- Opening Delimiter -

theorem theorem3:
  fixes \<tau> :: "('a::banach) topology"
    and R :: "'a \<Rightarrow> ereal"
    and A :: "'a \<Rightarrow> 'b::{real_inner, complete_space}"
    and \<nu> :: real and x :: 'a and xa :: "real \<Rightarrow> 'a"
  assumes tau: "locally_convex_hausdorff \<tau>"
    and R_proper: "proper_fun R"
    and R_convex: "convex_ereal_fun R"
    and R_sublevel: "\<And>l::real. compactin \<tau> {z. R z \<le> ereal l}"
    and A_lin: "linear A"
    and A_cont: "continuous_map \<tau> weak_topology A"
    and nu: "1/2 < \<nu>" "\<nu> \<le> 1"
    and x_dom: "x \<in> effdom R"
    and x_min: "R x = (INF z \<in> {z. A z = A x}. R z)"
    and xa: "\<And>\<alpha>. \<alpha> > 0 \<Longrightarrow> xa \<alpha> \<in> tik_argmin R A \<alpha> (A x)"
  defines "P1 \<equiv> \<lambda>c1. \<forall>\<alpha>>0. norm (A x - A (xa \<alpha>)) \<le> c1 * \<alpha> powr \<nu>"
    and "P2 \<equiv> \<lambda>c2. \<forall>\<alpha>>0. tik_defect R A x xa \<alpha> \<le> ereal (c2 * \<alpha> powr (2 * \<nu> - 1))"
    and "P3 \<equiv> \<lambda>c3. \<forall>z. R x - R z \<le> ereal (c3 * norm (A x - A z) powr ((2 * \<nu> - 1) / \<nu>))"
  shows "((\<exists>c1>0. P1 c1) \<longleftrightarrow> (\<exists>c2>0. P2 c2)) \<and>
         ((\<exists>c2>0. P2 c2) \<longleftrightarrow> (\<exists>c3>0. P3 c3)) \<and>
         (\<forall>c1>0. P1 c1 \<longrightarrow> P2 (c1\<^sup>2 / (4 * \<nu> - 2))) \<and>
         (\<forall>c2>0. P2 c2 \<longrightarrow> P3 (2 * c2 powr (1 / (2 * \<nu>)))) \<and>
         (\<forall>c3>0. P3 c3 \<longrightarrow> P1 (c3 powr \<nu>))"
proof -
  interpret tikhonov_selection R A x xa
    using R_proper x_dom xa by unfold_locales (auto simp: x_min intro: INF_lower)
  have \<nu>_pos: "0 < \<nu>"
    using nu by simp
  have i_imp_ii: "P1 c \<Longrightarrow> P2 (c\<^sup>2 / (4 * \<nu> - 2))" for c
    unfolding P1_def P2_def using residual_rate_imp_defect_rate[OF R_sublevel A_cont nu(1)] by blast
  have ii_imp_iii: "0 < c \<Longrightarrow> P2 c \<Longrightarrow> P3 (2 * c powr (1 / (2 * \<nu>)))" for c
    unfolding P2_def P3_def using defect_rate_imp_variational_inequality[OF \<nu>_pos] by blast
  have iii_imp_i: "P3 c \<Longrightarrow> P1 (c powr \<nu>)" for c
    unfolding P3_def P1_def using variational_inequality_imp_residual_rate[OF R_convex A_lin \<nu>_pos] by blast
  have "0 < c\<^sup>2 / (4 * \<nu> - 2)" "0 < 2 * c powr (1 / (2 * \<nu>))" "0 < c powr \<nu>" if "0 < c" for c
    using that nu by auto
  with i_imp_ii ii_imp_iii iii_imp_i show ?thesis
    by meson
qed

end
lemma peval_mult: "peval \<sigma> (p * q) = peval \<sigma> p * peval \<sigma> q"
proof (induction p rule: poly_mapping_single_add_induct)
  case (single m c)
  show ?case
    by (induction q rule: poly_mapping_single_add_induct)
       (simp_all add: mult_single peval_single monom_eval_add rconst_mult peval_add distrib_left)
qed (simp_all add: peval_add distrib_right)

lemma peval_1 [simp]: "peval \<sigma> 1 = 1"
  using peval_single[of \<sigma> 0 1] by simp

lemma peval_uminus: "peval \<sigma> (- p) = - peval \<sigma> p"
  using peval_add[of \<sigma> "- p" p] by (simp add: eq_neg_iff_add_eq_0)

lemma peval_power: "peval \<sigma> (p ^ n) = peval \<sigma> p ^ n"
  by (induction n) (simp_all add: peval_mult)

lemma peval_pvar [simp]: "peval \<sigma> (pvar v) = \<sigma> v"
  by (simp add: pvar_def peval_single monom_eval_single)

lemma pvar_nonzero [simp]: "pvar v \<noteq> 0"
  by (metis lookup_single_eq one_neq_zero lookup_zero pvar_def)

lemma rvar_eq_poly_fract: "rvar v = poly_fract (pvar v)"
  by (simp add: rvar_def pvar_def)

lemma poly_fract_eq_0_iff [simp]: "poly_fract p = 0 \<longleftrightarrow> p = 0"
  by (simp add: Zero_fract_def eq_fract)

lemma poly_fract_power: "poly_fract (p ^ n) = poly_fract p ^ n"
proof (induction n)
  case (Suc n)
  have "poly_fract (p * p ^ n) = poly_fract p * poly_fract (p ^ n)"
    by simp
  with Suc.IH show ?case
    by simp
qed (simp add: One_fract_def)

lemma rvar_nonzero [simp]: "rvar v \<noteq> 0"
  by (simp add: rvar_eq_poly_fract)

lemma pvar_power: "pvar v ^ e = Poly_Mapping.single (Poly_Mapping.single v e) 1"
  by (induction e) (simp_all add: pvar_def mult_single single_add[symmetric])

lemma poly_fract_monomial: "poly_fract (Poly_Mapping.single m 1) = monom_eval rvar m"
proof (induction m rule: poly_mapping_single_add_induct)
  case (single v e)
  show ?case
    by (simp add: monom_eval_single rvar_eq_poly_fract pvar_power[symmetric] poly_fract_power)
next
  case (add m n)
  have "poly_fract (Poly_Mapping.single (m + n) 1) =
      poly_fract (Poly_Mapping.single m 1) * poly_fract (Poly_Mapping.single n 1)"
    by (simp add: mult_single)
  with add.IH show ?case
    by (simp only: monom_eval_add)
qed (simp add: One_fract_def)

- Closing Delimiter -

Task details
Please reproduce all of the material exactly.

Your solution
theorem theorem3:
  fixes \<tau> :: "('a::banach) topology"
    and R :: "'a \<Rightarrow> ereal"
    and A :: "'a \<Rightarrow> 'b::{real_inner, complete_space}"
    and \<nu> :: real and x :: 'a and xa :: "real \<Rightarrow> 'a"
  assumes tau: "locally_convex_hausdorff \<tau>"
    and R_proper: "proper_fun R"
    and R_convex: "convex_ereal_fun R"
    and R_sublevel: "\<And>l::real. compactin \<tau> {z. R z \<le> ereal l}"
    and A_lin: "linear A"
    and A_cont: "continuous_map \<tau> weak_topology A"
    and nu: "1/2 < \<nu>" "\<nu> \<le> 1"
    and x_dom: "x \<in> effdom R"
    and x_min: "R x = (INF z \<in> {z. A z = A x}. R z)"
    and xa: "\<And>\<alpha>. \<alpha> > 0 \<Longrightarrow> xa \<alpha> \<in> tik_argmin R A \<alpha> (A x)"
  defines "P1 \<equiv> \<lambda>c1. \<forall>\<alpha>>0. norm (A x - A (xa \<alpha>)) \<le> c1 * \<alpha> powr \<nu>"
    and "P2 \<equiv> \<lambda>c2. \<forall>\<alpha>>0. tik_defect R A x xa \<alpha> \<le> ereal (c2 * \<alpha> powr (2 * \<nu> - 1))"
    and "P3 \<equiv> \<lambda>c3. \<forall>z. R x - R z \<le> ereal (c3 * norm (A x - A z) powr ((2 * \<nu> - 1) / \<nu>))"
  shows "((\<exists>c1>0. P1 c1) \<longleftrightarrow> (\<exists>c2>0. P2 c2)) \<and>
         ((\<exists>c2>0. P2 c2) \<longleftrightarrow> (\<exists>c3>0. P3 c3)) \<and>
         (\<forall>c1>0. P1 c1 \<longrightarrow> P2 (c1\<^sup>2 / (4 * \<nu> - 2))) \<and>
         (\<forall>c2>0. P2 c2 \<longrightarrow> P3 (2 * c2 powr (1 / (2 * \<nu>)))) \<and>
         (\<forall>c3>0. P3 c3 \<longrightarrow> P1 (c3 powr \<nu>))"
proof -
  interpret tikhonov_selection R A x xa
    using R_proper x_dom xa by unfold_locales (auto simp: x_min intro: INF_lower)
  have \<nu>_pos: "0 < \<nu>"
    using nu by simp
  have i_imp_ii: "P1 c \<Longrightarrow> P2 (c\<^sup>2 / (4 * \<nu> - 2))" for c
    unfolding P1_def P2_def using residual_rate_imp_defect_rate[OF R_sublevel A_cont nu(1)] by blast
  have ii_imp_iii: "0 < c \<Longrightarrow> P2 c \<Longrightarrow> P3 (2 * c powr (1 / (2 * \<nu>)))" for c
    unfolding P2_def P3_def using defect_rate_imp_variational_inequality[OF \<nu>_pos] by blast
  have iii_imp_i: "P3 c \<Longrightarrow> P1 (c powr \<nu>)" for c
    unfolding P3_def P1_def using variational_inequality_imp_residual_rate[OF R_convex A_lin \<nu>_pos] by blast
  have "0 < c\<^sup>2 / (4 * \<nu> - 2)" "0 < 2 * c powr (1 / (2 * \<nu>))" "0 < c powr \<nu>" if "0 < c" for c
    using that nu by auto
  with i_imp_ii ii_imp_iii iii_imp_i show ?thesis
    by meson
qed

end
lemma peval_mult: "peval \<sigma> (p * q) = peval \<sigma> p * peval \<sigma> q"
proof (induction p rule: poly_mapping_single_add_induct)
  case (single m c)
  show ?case
    by (induction q rule: poly_mapping_single_add_induct)
       (simp_all add: mult_single peval_single monom_eval_add rconst_mult peval_add distrib_left)
qed (simp_all add: peval_add distrib_right)

lemma peval_1 [simp]: "peval \<sigma> 1 = 1"
  using peval_single[of \<sigma> 0 1] by simp

lemma peval_uminus: "peval \<sigma> (- p) = - peval \<sigma> p"
  using peval_add[of \<sigma> "- p" p] by (simp add: eq_neg_iff_add_eq_0)

lemma peval_power: "peval \<sigma> (p ^ n) = peval \<sigma> p ^ n"
  by (induction n) (simp_all add: peval_mult)

lemma peval_pvar [simp]: "peval \<sigma> (pvar v) = \<sigma> v"
  by (simp add: pvar_def peval_single monom_eval_single)

lemma pvar_nonzero [simp]: "pvar v \<noteq> 0"
  by (metis lookup_single_eq one_neq_zero lookup_zero pvar_def)

lemma rvar_eq_poly_fract: "rvar v = poly_fract (pvar v)"
  by (simp add: rvar_def pvar_def)

lemma poly_fract_eq_0_iff [simp]: "poly_fract p = 0 \<longleftrightarrow> p = 0"
  by (simp add: Zero_fract_def eq_fract)

lemma poly_fract_power: "poly_fract (p ^ n) = poly_fract p ^ n"
proof (induction n)
  case (Suc n)
  have "poly_fract (p * p ^ n) = poly_fract p * poly_fract (p ^ n)"
    by simp
  with Suc.IH show ?case
    by simp
qed (simp add: One_fract_def)

lemma rvar_nonzero [simp]: "rvar v \<noteq> 0"
  by (simp add: rvar_eq_poly_fract)

lemma pvar_power: "pvar v ^ e = Poly_Mapping.single (Poly_Mapping.single v e) 1"
  by (induction e) (simp_all add: pvar_def mult_single single_add[symmetric])

lemma poly_fract_monomial: "poly_fract (Poly_Mapping.single m 1) = monom_eval rvar m"
proof (induction m rule: poly_mapping_single_add_induct)
  case (single v e)
  show ?case
    by (simp add: monom_eval_single rvar_eq_poly_fract pvar_power[symmetric] poly_fract_power)
next
  case (add m n)
  have "poly_fract (Poly_Mapping.single (m + n) 1) =
      poly_fract (Poly_Mapping.single m 1) * poly_fract (Poly_Mapping.single n 1)"
    by (simp add: mult_single)
  with add.IH show ?case
    by (simp only: monom_eval_add)
qed (simp add: One_fract_def)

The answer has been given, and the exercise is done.